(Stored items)
********

(* Let $\tau$ be a substitution over a finite alphabet $A$. Then $\overline\tau$ induces a well-defined map on the Besicovitch space (i.e. $\mathfrak d_H(x,y)=0$ implies $\mathfrak d_H(\overline\tau(x),\overline\tau(y))=0$ for all $x,y\in A^{\mathbb N}$) if and only if $\overline\tau$ is $1$-Lipschitz with respect to $\mathfrak d_H$, i.e. $\mathfrak d_H(\overline\tau(x),\overline\tau(y))\le\mathfrak d_H(x,y)$ for all $x,y\in A^{\mathbb N}$.
   Context: A substitution is a nonerasing monoid morphism $\tau:A^*\to A^*$ (so $\tau(a)$ is a nonempty word for each letter $a$), and $\overline\tau:A^{\mathbb N}\to A^{\mathbb N}$ is $\overline\tau(z)=\tau(z_0)\tau(z_1)\tau(z_2)\cdots$. For words $u,v$ of equal length, $d_H(u,v)$ is the number of positions where they differ; the Besicovitch pseudo-metric is $\mathfrak d_H(x,y)=\limsup_{l\to\infty}\frac{d_H(x_{[0,l)},y_{[0,l)})}{l}$, where $x_{[0,l)}=x_0\cdots x_{l-1}$. *)

theory Defs
  imports "HOL-Analysis.Analysis" "HOL-Library.Stream"
begin

definition substitution :: "('a \<Rightarrow> 'a list) \<Rightarrow> bool" where
  "substitution \<tau> \<longleftrightarrow> (\<forall>a. \<tau> a \<noteq> [])"

definition subst_ext :: "('a \<Rightarrow> 'a list) \<Rightarrow> 'a stream \<Rightarrow> 'a stream" where
  "subst_ext \<tau> z = flat (smap \<tau> z)"

definition hamming :: "'a list \<Rightarrow> 'a list \<Rightarrow> nat" where
  "hamming u v = card {i. i < length u \<and> u ! i \<noteq> v ! i}"

definition besicovitch :: "'a stream \<Rightarrow> 'a stream \<Rightarrow> ereal" where
  "besicovitch x y =
     limsup (\<lambda>l. ereal (real (hamming (stake l x) (stake l y)) / real l))"

end

theory Submission
  imports Defs
begin

(* If all images tau a have the same length L, letter j of the image of x lies in the
   image of letter j div L of x; so a mismatch of x and y causes at most L mismatches
   of the images, inside a block of length L, and mismatch densities cannot grow.
   Otherwise choose |tau a| < |tau b| and let D = |tau b| - |tau a|. The sequences a z
   and b z are at distance 0, so by well-definedness the image Z of z is at distance 0
   from Z shifted by D; if Z is periodic this forces Z to have period D. Applied to
   images of periodic sequences, this shows that all fixed points tau(c)^omega coincide.
   Their common value V satisfies tau(c) V = V for every letter c, so the extension of
   tau is constant with value V, and in particular 1-Lipschitz. The converse holds
   because the pseudo-metric is nonnegative. *)

lemma stream_eqI: "(\<And>i. s !! i = t !! i) \<Longrightarrow> s = t"
  by (metis stream_smap_nats ext)

lemma sdrop_mult_eq:
  assumes "sdrop D s = s"
  shows "sdrop (k * D) s = s"
proof (induction k)
  case (Suc k)
  have "sdrop (Suc k * D) s = sdrop (k * D) (sdrop D s)"
    by simp
  then show ?case
    using assms Suc.IH by simp
qed simp

lemma snth_mod_period: "sdrop D s = s \<Longrightarrow> s !! (i mod D) = s !! i"
  by (metis sdrop_mult_eq sdrop_snth div_mult_mod_eq)

lemma periodic_stream_eqI:
  assumes "0 < D" "sdrop D s = s" "sdrop D t = t"
    and "s = u @- s'" "t = u @- t'" "D \<le> length u"
  shows "s = t"
proof (rule stream_eqI)
  fix i
  have "s !! (i mod D) = t !! (i mod D)"
    using assms(1,4-6) by (metis mod_less_divisor order_less_le_trans shift_snth_less)
  then show "s !! i = t !! i"
    by (metis assms(2,3) snth_mod_period)
qed

lemma sdrop_length_shift_fixed:
  assumes "u @- s = s"
  shows "sdrop (length u) s = s"
proof -
  have "sdrop (length u) (u @- s) = s"
    by (simp add: sdrop_shift)
  then show ?thesis
    using assms by simp
qed

lemma shift_concat_replicate_fixed: "u @- s = s \<Longrightarrow> concat (replicate n u) @- s = s"
  by (induction n) simp_all

lemma subst_ext_Cons:
  "substitution \<tau> \<Longrightarrow> subst_ext \<tau> (a ## z) = \<tau> a @- subst_ext \<tau> z"
  by (simp add: subst_ext_def substitution_def)

lemma subst_ext_shift:
  "substitution \<tau> \<Longrightarrow> subst_ext \<tau> (w @- z) = concat (map \<tau> w) @- subst_ext \<tau> z"
  by (induction w) (simp_all add: subst_ext_Cons)

lemma length_concat_map_ge:
  "substitution \<tau> \<Longrightarrow> length xs \<le> length (concat (map \<tau> xs))"
proof (induction xs)
  case (Cons a xs)
  then have "0 < length (\<tau> a)"
    by (simp add: substitution_def)
  with Cons show ?case
    by (simp del: length_greater_0_conv)
qed simp

lemma shift_concat_map_fixed:
  "(\<And>a. \<tau> a @- V = V) \<Longrightarrow> concat (map \<tau> xs) @- V = V"
  by (induction xs) simp_all

lemma subst_ext_eq_common_fixed_point:
  assumes \<tau>: "substitution \<tau>" and fixed: "\<And>a. \<tau> a @- V = V"
  shows "subst_ext \<tau> z = V"
proof (rule stream_eqI)
  fix i
  define w where "w = concat (map \<tau> (stake (Suc i) z))"
  have "i < length w"
    using length_concat_map_ge[OF \<tau>, of "stake (Suc i) z"] by (simp add: w_def)
  moreover have "subst_ext \<tau> z = w @- subst_ext \<tau> (sdrop (Suc i) z)"
    unfolding w_def by (metis \<tau> stake_sdrop subst_ext_shift)
  moreover have "V = w @- V"
    unfolding w_def using shift_concat_map_fixed[of \<tau> V] fixed by simp
  ultimately show "subst_ext \<tau> z !! i = V !! i"
    by (metis shift_snth_less)
qed

lemma subst_ext_snth_uniform:
  assumes \<tau>: "substitution \<tau>" and L: "\<And>a. length (\<tau> a) = L" and "r < L"
  shows "subst_ext \<tau> x !! (n * L + r) = \<tau> (x !! n) ! r"
proof -
  have "length (concat (map \<tau> (stake n x))) = n * L"
    by (simp add: length_concat L comp_def sum_list_triv)
  moreover have "subst_ext \<tau> x
      = concat (map \<tau> (stake n x)) @- \<tau> (x !! n) @- subst_ext \<tau> (sdrop (Suc n) x)"
    by (metis \<tau> stake_sdrop subst_ext_shift subst_ext_Cons sdrop_simps stream.collapse)
  ultimately show ?thesis
    using assms by simp
qed

definition mismatch_count :: "'a stream \<Rightarrow> 'a stream \<Rightarrow> nat \<Rightarrow> nat" where
  "mismatch_count x y l = card {i. i < l \<and> x !! i \<noteq> y !! i}"

lemma besicovitch_mismatch_count:
  "besicovitch x y = limsup (\<lambda>l. ereal (real (mismatch_count x y l) / real l))"
proof -
  have "hamming (stake l x) (stake l y) = mismatch_count x y l" for l
    unfolding hamming_def mismatch_count_def by (metis length_stake stake_nth)
  then show ?thesis
    by (simp add: besicovitch_def)
qed

lemma mismatch_count_le_of_subset:
  "{i. i < l \<and> x !! i \<noteq> y !! i} \<subseteq> {..<n} \<Longrightarrow> mismatch_count x y l \<le> n"
  unfolding mismatch_count_def by (metis card_lessThan card_mono finite_lessThan)
section \<open>Covering and clique families under vertex permutations\<close>

lemma image_set_Collect_bij:
  assumes "bij f"
  shows "image f ` {e. P e} = {e. P (f -` e)}"
proof -
  have vimage_image: "f -` (f ` e) = e" for e
    using assms by (simp add: bij_is_inj inj_vimage_image_eq)
  have image_vimage: "f ` (f -` e) = e" for e
    using assms by (simp add: bij_is_surj surj_image_vimage_eq)
  show ?thesis
    by (rule set_eqI) (metis (mono_tags) image_iff mem_Collect_eq vimage_image image_vimage)
qed

lemma bij_vimage_subset_iff: "bij f \<Longrightarrow> f -` e \<subseteq> A \<longleftrightarrow> e \<subseteq> f ` A"
  by (metis bij_is_surj image_mono image_vimage_eq inf_top.right_neutral vimage_mono
      bij_is_inj inj_vimage_image_eq)

lemma bij_card_image: "bij f \<Longrightarrow> card (f ` A) = card A"
  by (meson bij_is_inj card_image inj_on_subset subset_UNIV)

lemma bij_card_vimage: "bij f \<Longrightarrow> card (f -` A) = card A"
  by (simp add: bij_is_inj bij_is_surj card_vimage_inj)

lemma Cov_bij_image:
  assumes f: "bij f" "f ` V = V" and G: "(V, E) \<in> Cov k n s"
  shows "(V, image f ` E) \<in> Cov k n s"
proof -
  obtain S where S: "S \<subseteq> V" "card S = s" "E = {e. e \<subseteq> V \<and> card e = k \<and> e \<inter> S \<noteq> {}}"
    using G unfolding Cov_def by auto
  have "f -` e \<inter> S \<noteq> {} \<longleftrightarrow> e \<inter> f ` S \<noteq> {}" for e by auto
  then have "image f ` E = {e. e \<subseteq> V \<and> card e = k \<and> e \<inter> f ` S \<noteq> {}}"
    unfolding S(3) image_set_Collect_bij[OF f(1)]
    using f by (simp add: bij_vimage_subset_iff bij_card_vimage)
  moreover have "f ` S \<subseteq> V" "card (f ` S) = s"
    using S f by (auto simp: bij_card_image)
  ultimately show ?thesis using G unfolding Cov_def by auto
qed

lemma Cl_bij_image:
  assumes f: "bij f" "f ` V = V" and G: "(V, E) \<in> Cl k n s"
  shows "(V, image f ` E) \<in> Cl k n s"
proof -
  obtain T where T: "T \<subseteq> V" "card T = k * s + k - 1" "E = {e. e \<subseteq> T \<and> card e = k}"
    using G unfolding Cl_def by auto
  have "f ` T \<subseteq> V" "card (f ` T) = k * s + k - 1"
    using T f by (auto simp: bij_card_image)
  moreover have "image f ` E = {e. e \<subseteq> f ` T \<and> card e = k}"
    unfolding T(3) image_set_Collect_bij[OF f(1)]
    using f by (simp add: bij_vimage_subset_iff bij_card_vimage)
  ultimately show ?thesis using G unfolding Cl_def by auto
qed

section \<open>Matchings and extremal graphs\<close>

lemma kgraph_finite_edges: "kgraph k G \<Longrightarrow> finite (snd G)"
  unfolding kgraph_def by (meson finite_Pow_iff finite_subset subsetI PowI)

lemma finite_matching_cards: "kgraph k G \<Longrightarrow> finite {card M | M. M \<subseteq> snd G \<and> matching M}"
proof -
  assume "kgraph k G"
  then have "card M \<le> card (snd G)" if "M \<subseteq> snd G" for M
    using kgraph_finite_edges that by (intro card_mono)
  then have "{card M | M. M \<subseteq> snd G \<and> matching M} \<subseteq> {..card (snd G)}" by auto
  then show ?thesis by (rule finite_subset) simp
qed

lemma card_le_matching_number:
  "kgraph k G \<Longrightarrow> M \<subseteq> snd G \<Longrightarrow> matching M \<Longrightarrow> card M \<le> matching_number G"
  unfolding matching_number_def by (rule Max_ge[OF finite_matching_cards]) blast+

lemma matching_number_attained:
  assumes "kgraph k G"
  obtains M where "M \<subseteq> snd G" "matching M" "card M = matching_number G"
proof -
  have "matching {}" unfolding matching_def by simp
  then have "{card M | M. M \<subseteq> snd G \<and> matching M} \<noteq> {}" by blast
  then have "matching_number G \<in> {card M | M. M \<subseteq> snd G \<and> matching M}"
    unfolding matching_number_def by (rule Max_in[OF finite_matching_cards[OF assms]])
  then show ?thesis using that by auto
qed

lemma card_add_two_le_matching_number:
  assumes kg: "kgraph k G" and M: "M \<subseteq> snd G" "finite M" "matching M"
    and ab: "a \<in> snd G" "b \<in> snd G" "a \<noteq> {}" "b \<noteq> {}" "disjnt a b"
    and disj: "\<forall>e\<in>M. disjnt e a \<and> disjnt e b"
  shows "card M + 2 \<le> matching_number G"
proof -
  have new: "a \<notin> M" "b \<notin> M" "a \<noteq> b" using disj ab by (auto simp: disjnt_def)
  have "matching (insert a (insert b M))"
    using M(3) disj ab unfolding matching_def pairwise_insert by (auto simp: disjnt_sym)
  then have "card (insert a (insert b M)) \<le> matching_number G"
    using M ab by (intro card_le_matching_number[OF kg]) auto
  then show ?thesis using new M(2) by simp
qed

lemma card_edges_le_muk:
  assumes "H \<in> Hk k n s"
  shows "card (snd H) \<le> muk k n s"
proof -
  have "card (snd G) \<le> n choose k" if "G \<in> Hk k n s" for G
  proof -
    have kg: "kgraph k G" and n: "card (fst G) = n" using that unfolding Hk_def by auto
    then have "finite (fst G)" "snd G \<subseteq> {e. e \<subseteq> fst G \<and> card e = k}"
      unfolding kgraph_def by auto
    then have "card (snd G) \<le> card {e. e \<subseteq> fst G \<and> card e = k}" by (intro card_mono) auto
    then show ?thesis using n \<open>finite (fst G)\<close> by (simp add: n_subsets)
  qed
  then have "(\<lambda>G. card (snd G)) ` Hk k n s \<subseteq> {..n choose k}" by auto
  then have "finite ((\<lambda>G. card (snd G)) ` Hk k n s)" by (rule finite_subset) simp
  then show ?thesis unfolding muk_def by (rule Max_ge) (use assms in blast)
qed
lemma partial_injection_pcomp:
  assumes "partial_injection G \<phi>" and "partial_injection G \<psi>"
  shows "partial_injection G (pcomp \<phi> \<psi>)"
proof -
  have "dom (pcomp \<phi> \<psi>) \<subseteq> dom \<phi>" "ran (pcomp \<phi> \<psi>) \<subseteq> ran \<psi>"
    by (auto simp: pcomp_def ran_def pcomp_eq_Some_iff split: option.splits)
  moreover have "inj_on (pcomp \<phi> \<psi>) (dom (pcomp \<phi> \<psi>))"
  proof (rule inj_onI)
    fix x x' assume "x \<in> dom (pcomp \<phi> \<psi>)" and "pcomp \<phi> \<psi> x = pcomp \<phi> \<psi> x'"
    then obtain z where "pcomp \<phi> \<psi> x = Some z" "pcomp \<phi> \<psi> x' = Some z" by (metis domD)
    then obtain y y' where "\<phi> x = Some y" "\<psi> y = Some z" "\<phi> x' = Some y'" "\<psi> y' = Some z"
      unfolding pcomp_eq_Some_iff by blast
    then show "x = x'" using assms by (metis partial_injection_eq)
  qed
  ultimately show ?thesis using assms by (auto simp: partial_injection_def)
qed

lemma partial_injection_pid: "partial_injection G (pid G)"
  by (auto simp: partial_injection_def pid_def dom_def ran_def inj_on_def split: if_splits)

definition flip_letter :: "'f \<times> bool \<Rightarrow> 'f \<times> bool" where
  "flip_letter a = (fst a, \<not> snd a)"

definition inv_word :: "('f \<times> bool) list \<Rightarrow> ('f \<times> bool) list" where
  "inv_word w = rev (map flip_letter w)"

lemma reduced_word_iff_successively:
  "reduced_word F w \<longleftrightarrow> (\<forall>a \<in> set w. fst a \<in> F) \<and> successively (\<lambda>a b. b \<noteq> flip_letter a) w"
  unfolding reduced_word_def successively_conv_nth flip_letter_def by (auto simp: prod_eq_iff)

lemma reduced_word_inv_word: "reduced_word F w \<Longrightarrow> reduced_word F (inv_word w)"
  unfolding reduced_word_iff_successively inv_word_def successively_rev successively_map
  by (auto simp: flip_letter_def elim!: successively_mono)

lemma reduced_word_appendD: "reduced_word F (u @ v) \<Longrightarrow> reduced_word F u"
  unfolding reduced_word_iff_successively successively_append_iff by auto

lemma reduced_word_append_inv_word:
  assumes "reduced_word F u" and "reduced_word F v" and "u \<noteq> [] \<Longrightarrow> v \<noteq> [] \<Longrightarrow> last u \<noteq> last v"
  shows "reduced_word F (u @ inv_word v)"
  using assms reduced_word_inv_word[OF assms(2)]
  unfolding reduced_word_iff_successively successively_append_iff
  by (auto simp: inv_word_def hd_rev last_map flip_letter_def prod_eq_iff)

context
  fixes G :: "('g, 'b) monoid_scheme" and F :: "'f set" and \<pi> :: "'f \<Rightarrow> 'g pmap"
  assumes partial_injection_letters: "\<And>f. f \<in> F \<Longrightarrow> partial_injection G (\<pi> f)"
begin

lemma partial_injection_letter_map: "fst a \<in> F \<Longrightarrow> partial_injection G (letter_map \<pi> a)"
  by (simp add: letter_map_def partial_injection_letters partial_injection_pinv)

lemma letter_map_flip_letter:
  assumes "fst a \<in> F"
  shows "letter_map \<pi> (flip_letter a) y = Some x \<longleftrightarrow> letter_map \<pi> a x = Some y"
  using partial_injection_letters[OF assms]
  by (auto simp: letter_map_def flip_letter_def partial_injection_def pinv_eq_Some_iff)

lemma word_map_Cons:
  assumes "fst a \<in> F"
  shows "word_map G \<pi> (a # w) = pcomp (letter_map \<pi> a) (word_map G \<pi> w)"
proof (cases w)
  case Nil
  have "ran (letter_map \<pi> a) \<subseteq> carrier G"
    using partial_injection_letter_map[OF assms] by (simp add: partial_injection_def)
  then show ?thesis by (simp add: Nil pcomp_pid_right)
qed simp

lemma partial_injection_word_map:
  "\<forall>a \<in> set w. fst a \<in> F \<Longrightarrow> partial_injection G (word_map G \<pi> w)"
  by (induction w)
    (simp_all add: word_map_Cons partial_injection_pid partial_injection_pcomp partial_injection_letter_map)

lemma word_map_append:
  assumes "\<forall>a \<in> set u. fst a \<in> F" and "\<forall>a \<in> set v. fst a \<in> F"
  shows "word_map G \<pi> (u @ v) = pcomp (word_map G \<pi> u) (word_map G \<pi> v)"
  using assms(1)
proof (induction u)
  case Nil
  have "dom (word_map G \<pi> v) \<subseteq> carrier G"
    using partial_injection_word_map[OF assms(2)] by (simp add: partial_injection_def)
  then show ?case by (simp add: pcomp_pid_left)
next
  case (Cons a u)
  then show ?case by (simp add: word_map_Cons pcomp_assoc)
qed

lemma word_map_snoc:
  "\<forall>b \<in> set w. fst b \<in> F \<Longrightarrow> fst a \<in> F \<Longrightarrow>
    word_map G \<pi> (w @ [a]) = pcomp (word_map G \<pi> w) (letter_map \<pi> a)"
  by (simp add: word_map_append)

********

Tell how many lines in the data hold the string "bool". Only the number is wanted.

> Result of the exercise: 3